SUPPLIED DATA
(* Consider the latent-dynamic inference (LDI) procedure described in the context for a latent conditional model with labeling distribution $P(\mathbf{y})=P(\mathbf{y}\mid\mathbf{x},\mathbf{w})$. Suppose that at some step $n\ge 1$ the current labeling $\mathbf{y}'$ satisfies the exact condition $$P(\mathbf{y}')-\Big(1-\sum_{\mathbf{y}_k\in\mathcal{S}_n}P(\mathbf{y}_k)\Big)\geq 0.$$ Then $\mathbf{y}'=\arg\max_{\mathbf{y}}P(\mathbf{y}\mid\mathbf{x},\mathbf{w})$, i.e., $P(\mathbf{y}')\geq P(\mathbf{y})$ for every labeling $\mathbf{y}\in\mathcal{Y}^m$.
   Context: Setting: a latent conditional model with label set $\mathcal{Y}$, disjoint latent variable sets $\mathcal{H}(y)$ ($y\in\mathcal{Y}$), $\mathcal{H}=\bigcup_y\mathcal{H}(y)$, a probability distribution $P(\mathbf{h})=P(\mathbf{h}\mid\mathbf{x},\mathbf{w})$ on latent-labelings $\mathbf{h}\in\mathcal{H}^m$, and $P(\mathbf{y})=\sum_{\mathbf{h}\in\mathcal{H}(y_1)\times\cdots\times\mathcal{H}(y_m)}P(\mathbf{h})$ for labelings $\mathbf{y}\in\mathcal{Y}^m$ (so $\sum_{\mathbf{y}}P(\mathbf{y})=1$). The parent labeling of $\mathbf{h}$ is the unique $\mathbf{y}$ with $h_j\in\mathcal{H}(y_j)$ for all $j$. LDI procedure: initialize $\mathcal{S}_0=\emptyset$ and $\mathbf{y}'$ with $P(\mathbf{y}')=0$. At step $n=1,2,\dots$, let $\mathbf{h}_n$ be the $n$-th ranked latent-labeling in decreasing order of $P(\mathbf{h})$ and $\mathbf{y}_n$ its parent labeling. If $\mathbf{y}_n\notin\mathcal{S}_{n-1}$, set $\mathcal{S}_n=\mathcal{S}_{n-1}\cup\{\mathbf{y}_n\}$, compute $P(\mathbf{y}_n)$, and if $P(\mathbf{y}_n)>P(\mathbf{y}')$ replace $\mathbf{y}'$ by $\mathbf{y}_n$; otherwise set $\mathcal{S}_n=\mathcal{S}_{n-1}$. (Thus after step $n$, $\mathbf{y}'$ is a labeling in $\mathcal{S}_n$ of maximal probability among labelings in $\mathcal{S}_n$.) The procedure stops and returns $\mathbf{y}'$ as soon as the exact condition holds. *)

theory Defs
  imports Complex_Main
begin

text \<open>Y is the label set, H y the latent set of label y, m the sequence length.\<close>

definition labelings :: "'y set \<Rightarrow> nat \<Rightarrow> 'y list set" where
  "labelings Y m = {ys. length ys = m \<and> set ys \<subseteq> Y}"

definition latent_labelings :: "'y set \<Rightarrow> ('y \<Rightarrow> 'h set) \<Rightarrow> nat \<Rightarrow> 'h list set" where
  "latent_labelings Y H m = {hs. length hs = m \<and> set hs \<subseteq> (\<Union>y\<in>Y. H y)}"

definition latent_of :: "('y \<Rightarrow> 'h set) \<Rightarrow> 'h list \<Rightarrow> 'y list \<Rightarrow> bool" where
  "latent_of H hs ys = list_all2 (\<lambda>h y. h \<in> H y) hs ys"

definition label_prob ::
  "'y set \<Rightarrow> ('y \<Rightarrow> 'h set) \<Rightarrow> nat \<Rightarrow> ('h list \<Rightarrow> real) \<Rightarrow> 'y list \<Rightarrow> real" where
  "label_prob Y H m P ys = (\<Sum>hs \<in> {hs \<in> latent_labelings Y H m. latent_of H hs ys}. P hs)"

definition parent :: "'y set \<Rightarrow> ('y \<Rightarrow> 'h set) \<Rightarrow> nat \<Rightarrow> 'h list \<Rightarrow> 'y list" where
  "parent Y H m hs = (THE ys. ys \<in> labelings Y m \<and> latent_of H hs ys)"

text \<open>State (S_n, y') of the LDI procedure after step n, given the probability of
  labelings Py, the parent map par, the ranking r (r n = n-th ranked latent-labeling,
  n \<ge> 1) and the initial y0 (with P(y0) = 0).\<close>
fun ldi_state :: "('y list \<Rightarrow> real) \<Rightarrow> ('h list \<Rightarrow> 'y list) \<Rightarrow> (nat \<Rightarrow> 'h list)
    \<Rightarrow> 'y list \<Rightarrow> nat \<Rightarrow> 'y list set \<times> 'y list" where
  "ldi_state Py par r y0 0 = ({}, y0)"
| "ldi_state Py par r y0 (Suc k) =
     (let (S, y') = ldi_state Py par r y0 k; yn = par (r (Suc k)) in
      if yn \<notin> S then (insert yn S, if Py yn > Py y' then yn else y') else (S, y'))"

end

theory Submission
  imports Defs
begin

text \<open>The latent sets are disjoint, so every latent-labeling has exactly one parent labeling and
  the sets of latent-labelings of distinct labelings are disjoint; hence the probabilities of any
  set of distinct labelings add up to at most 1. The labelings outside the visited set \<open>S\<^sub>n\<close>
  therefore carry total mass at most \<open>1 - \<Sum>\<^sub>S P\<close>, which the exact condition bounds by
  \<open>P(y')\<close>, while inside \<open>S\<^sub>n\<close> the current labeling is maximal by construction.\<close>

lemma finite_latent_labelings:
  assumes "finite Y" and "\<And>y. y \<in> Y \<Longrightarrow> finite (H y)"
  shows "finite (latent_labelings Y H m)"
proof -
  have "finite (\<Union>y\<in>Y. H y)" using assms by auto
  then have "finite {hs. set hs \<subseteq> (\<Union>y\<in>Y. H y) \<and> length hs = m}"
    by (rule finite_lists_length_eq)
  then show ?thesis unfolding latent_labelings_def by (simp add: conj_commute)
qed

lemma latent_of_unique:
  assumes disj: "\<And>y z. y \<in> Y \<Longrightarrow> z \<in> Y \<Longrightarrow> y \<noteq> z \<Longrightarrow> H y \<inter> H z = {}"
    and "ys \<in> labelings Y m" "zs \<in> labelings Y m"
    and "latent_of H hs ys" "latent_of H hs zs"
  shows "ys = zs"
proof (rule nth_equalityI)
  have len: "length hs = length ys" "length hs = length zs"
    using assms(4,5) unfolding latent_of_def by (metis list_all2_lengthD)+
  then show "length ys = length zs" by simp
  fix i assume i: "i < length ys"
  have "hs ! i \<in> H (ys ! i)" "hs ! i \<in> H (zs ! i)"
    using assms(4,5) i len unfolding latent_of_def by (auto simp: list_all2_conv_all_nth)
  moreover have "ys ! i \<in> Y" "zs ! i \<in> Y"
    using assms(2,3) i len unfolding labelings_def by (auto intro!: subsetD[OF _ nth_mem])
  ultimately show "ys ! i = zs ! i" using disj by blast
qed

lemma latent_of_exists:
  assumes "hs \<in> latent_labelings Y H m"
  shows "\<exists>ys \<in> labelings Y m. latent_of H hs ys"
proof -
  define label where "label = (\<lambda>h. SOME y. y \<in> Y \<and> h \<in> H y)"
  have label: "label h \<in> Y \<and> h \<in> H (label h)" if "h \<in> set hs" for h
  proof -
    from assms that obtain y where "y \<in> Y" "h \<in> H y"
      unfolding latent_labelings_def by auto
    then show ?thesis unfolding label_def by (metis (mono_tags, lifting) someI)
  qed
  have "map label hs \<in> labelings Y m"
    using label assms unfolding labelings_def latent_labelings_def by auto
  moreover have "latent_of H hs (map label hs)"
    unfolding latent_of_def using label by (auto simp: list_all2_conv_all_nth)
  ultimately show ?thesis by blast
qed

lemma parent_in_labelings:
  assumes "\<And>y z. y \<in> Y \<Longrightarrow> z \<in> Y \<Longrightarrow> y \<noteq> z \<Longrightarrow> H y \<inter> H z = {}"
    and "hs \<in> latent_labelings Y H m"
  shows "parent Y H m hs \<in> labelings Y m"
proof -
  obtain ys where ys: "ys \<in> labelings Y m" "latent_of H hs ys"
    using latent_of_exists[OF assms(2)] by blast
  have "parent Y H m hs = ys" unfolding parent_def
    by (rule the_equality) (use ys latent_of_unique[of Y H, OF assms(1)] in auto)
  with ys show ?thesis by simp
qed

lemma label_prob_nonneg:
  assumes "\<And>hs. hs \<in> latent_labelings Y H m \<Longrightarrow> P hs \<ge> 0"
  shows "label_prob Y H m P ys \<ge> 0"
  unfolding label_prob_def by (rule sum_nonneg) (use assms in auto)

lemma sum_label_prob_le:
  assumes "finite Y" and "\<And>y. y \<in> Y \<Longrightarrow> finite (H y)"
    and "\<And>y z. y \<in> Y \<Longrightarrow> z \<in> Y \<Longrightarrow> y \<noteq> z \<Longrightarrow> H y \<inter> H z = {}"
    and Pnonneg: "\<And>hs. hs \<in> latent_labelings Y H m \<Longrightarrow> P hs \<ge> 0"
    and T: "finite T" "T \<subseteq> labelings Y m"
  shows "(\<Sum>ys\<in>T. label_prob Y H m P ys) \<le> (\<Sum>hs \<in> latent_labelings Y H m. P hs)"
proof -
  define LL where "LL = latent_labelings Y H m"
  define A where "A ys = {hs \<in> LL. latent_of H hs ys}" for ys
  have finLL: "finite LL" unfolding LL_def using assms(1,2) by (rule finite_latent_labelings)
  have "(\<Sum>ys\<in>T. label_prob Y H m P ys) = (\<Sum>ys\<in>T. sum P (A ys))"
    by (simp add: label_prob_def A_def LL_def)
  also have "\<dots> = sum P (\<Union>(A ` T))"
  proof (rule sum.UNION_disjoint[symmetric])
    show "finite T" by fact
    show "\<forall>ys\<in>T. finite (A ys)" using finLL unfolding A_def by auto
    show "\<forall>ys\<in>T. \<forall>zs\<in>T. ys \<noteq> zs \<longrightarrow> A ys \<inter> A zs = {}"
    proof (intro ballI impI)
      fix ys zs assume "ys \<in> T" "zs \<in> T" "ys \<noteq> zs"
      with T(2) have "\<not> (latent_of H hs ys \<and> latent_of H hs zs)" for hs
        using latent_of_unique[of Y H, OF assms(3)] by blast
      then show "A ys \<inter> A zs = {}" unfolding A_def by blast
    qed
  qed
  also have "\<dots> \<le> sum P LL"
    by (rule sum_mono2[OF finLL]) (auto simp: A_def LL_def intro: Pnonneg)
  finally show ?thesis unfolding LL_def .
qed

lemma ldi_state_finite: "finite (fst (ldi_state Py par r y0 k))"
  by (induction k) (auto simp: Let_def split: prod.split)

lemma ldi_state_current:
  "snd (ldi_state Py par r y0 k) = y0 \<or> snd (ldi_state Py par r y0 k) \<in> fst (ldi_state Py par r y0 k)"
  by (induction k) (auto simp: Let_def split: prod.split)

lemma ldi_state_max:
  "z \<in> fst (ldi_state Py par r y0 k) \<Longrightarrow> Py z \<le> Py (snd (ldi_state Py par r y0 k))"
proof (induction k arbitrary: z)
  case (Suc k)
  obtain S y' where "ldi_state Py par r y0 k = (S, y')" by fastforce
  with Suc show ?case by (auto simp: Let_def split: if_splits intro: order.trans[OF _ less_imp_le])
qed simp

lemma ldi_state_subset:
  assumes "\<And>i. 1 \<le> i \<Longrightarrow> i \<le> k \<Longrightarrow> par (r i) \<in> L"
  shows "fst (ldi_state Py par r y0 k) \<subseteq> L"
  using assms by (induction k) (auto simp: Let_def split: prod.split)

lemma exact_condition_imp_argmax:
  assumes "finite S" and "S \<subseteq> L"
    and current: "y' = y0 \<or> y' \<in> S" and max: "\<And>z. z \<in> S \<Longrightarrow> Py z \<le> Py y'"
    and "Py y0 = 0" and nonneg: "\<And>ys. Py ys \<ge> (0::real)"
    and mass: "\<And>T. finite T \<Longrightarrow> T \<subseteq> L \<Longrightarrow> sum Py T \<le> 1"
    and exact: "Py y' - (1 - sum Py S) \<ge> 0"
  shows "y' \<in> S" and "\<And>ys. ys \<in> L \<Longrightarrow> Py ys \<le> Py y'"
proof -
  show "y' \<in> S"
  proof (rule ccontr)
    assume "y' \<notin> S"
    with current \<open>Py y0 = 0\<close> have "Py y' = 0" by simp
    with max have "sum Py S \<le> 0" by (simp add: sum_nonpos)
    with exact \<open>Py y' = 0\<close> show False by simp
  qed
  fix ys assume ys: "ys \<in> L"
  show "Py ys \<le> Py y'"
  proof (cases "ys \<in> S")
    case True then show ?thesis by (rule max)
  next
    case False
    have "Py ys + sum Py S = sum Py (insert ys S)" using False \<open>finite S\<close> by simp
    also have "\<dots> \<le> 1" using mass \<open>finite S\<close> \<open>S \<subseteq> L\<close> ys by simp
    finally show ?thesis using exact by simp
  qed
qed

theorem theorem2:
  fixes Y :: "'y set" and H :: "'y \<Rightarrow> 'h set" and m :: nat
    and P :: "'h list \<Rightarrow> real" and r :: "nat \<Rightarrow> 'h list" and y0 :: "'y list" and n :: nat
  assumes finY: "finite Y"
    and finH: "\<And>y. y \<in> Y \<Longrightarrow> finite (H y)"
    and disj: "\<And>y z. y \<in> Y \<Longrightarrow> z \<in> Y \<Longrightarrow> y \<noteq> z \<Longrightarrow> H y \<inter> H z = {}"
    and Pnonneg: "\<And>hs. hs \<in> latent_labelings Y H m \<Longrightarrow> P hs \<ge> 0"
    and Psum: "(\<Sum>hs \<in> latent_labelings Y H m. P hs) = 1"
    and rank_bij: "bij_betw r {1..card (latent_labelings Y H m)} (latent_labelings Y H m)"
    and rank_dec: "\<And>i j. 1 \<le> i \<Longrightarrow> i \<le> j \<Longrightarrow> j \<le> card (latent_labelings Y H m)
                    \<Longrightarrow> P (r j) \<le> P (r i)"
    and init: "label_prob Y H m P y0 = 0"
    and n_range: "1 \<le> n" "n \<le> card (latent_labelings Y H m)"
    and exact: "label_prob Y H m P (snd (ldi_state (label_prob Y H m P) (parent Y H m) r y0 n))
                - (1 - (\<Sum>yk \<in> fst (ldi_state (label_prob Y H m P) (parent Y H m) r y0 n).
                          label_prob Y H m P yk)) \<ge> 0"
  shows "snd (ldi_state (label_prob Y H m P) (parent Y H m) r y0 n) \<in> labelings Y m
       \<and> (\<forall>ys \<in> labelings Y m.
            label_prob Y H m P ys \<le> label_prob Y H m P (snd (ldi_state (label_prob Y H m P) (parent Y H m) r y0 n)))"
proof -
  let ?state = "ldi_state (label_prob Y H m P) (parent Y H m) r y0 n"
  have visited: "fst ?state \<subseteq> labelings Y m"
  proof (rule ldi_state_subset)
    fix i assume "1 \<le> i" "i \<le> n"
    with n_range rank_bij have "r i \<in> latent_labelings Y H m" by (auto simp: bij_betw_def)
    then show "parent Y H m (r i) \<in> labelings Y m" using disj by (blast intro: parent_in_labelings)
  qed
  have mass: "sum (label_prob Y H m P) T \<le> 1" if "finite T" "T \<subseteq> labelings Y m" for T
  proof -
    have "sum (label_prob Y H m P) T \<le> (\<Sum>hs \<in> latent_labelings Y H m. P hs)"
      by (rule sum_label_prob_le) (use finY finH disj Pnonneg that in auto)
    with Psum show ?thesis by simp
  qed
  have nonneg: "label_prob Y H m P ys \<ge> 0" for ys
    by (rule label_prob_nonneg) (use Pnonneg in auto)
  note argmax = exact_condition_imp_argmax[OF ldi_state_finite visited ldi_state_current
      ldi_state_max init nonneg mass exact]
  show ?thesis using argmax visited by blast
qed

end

WORK REQUIRED
Only lines of the data holding the word "mass" go in the answer. Please copy each of them.

SOLVED PROBLEM
  therefore carry total mass at most \<open>1 - \<Sum>\<^sub>S P\<close>, which the exact condition bounds by
    and mass: "\<And>T. finite T \<Longrightarrow> T \<subseteq> L \<Longrightarrow> sum Py T \<le> 1"
    also have "\<dots> \<le> 1" using mass \<open>finite S\<close> \<open>S \<subseteq> L\<close> ys by simp
  have mass: "sum (label_prob Y H m P) T \<le> 1" if "finite T" "T \<subseteq> labelings Y m" for T
      ldi_state_max init nonneg mass exact]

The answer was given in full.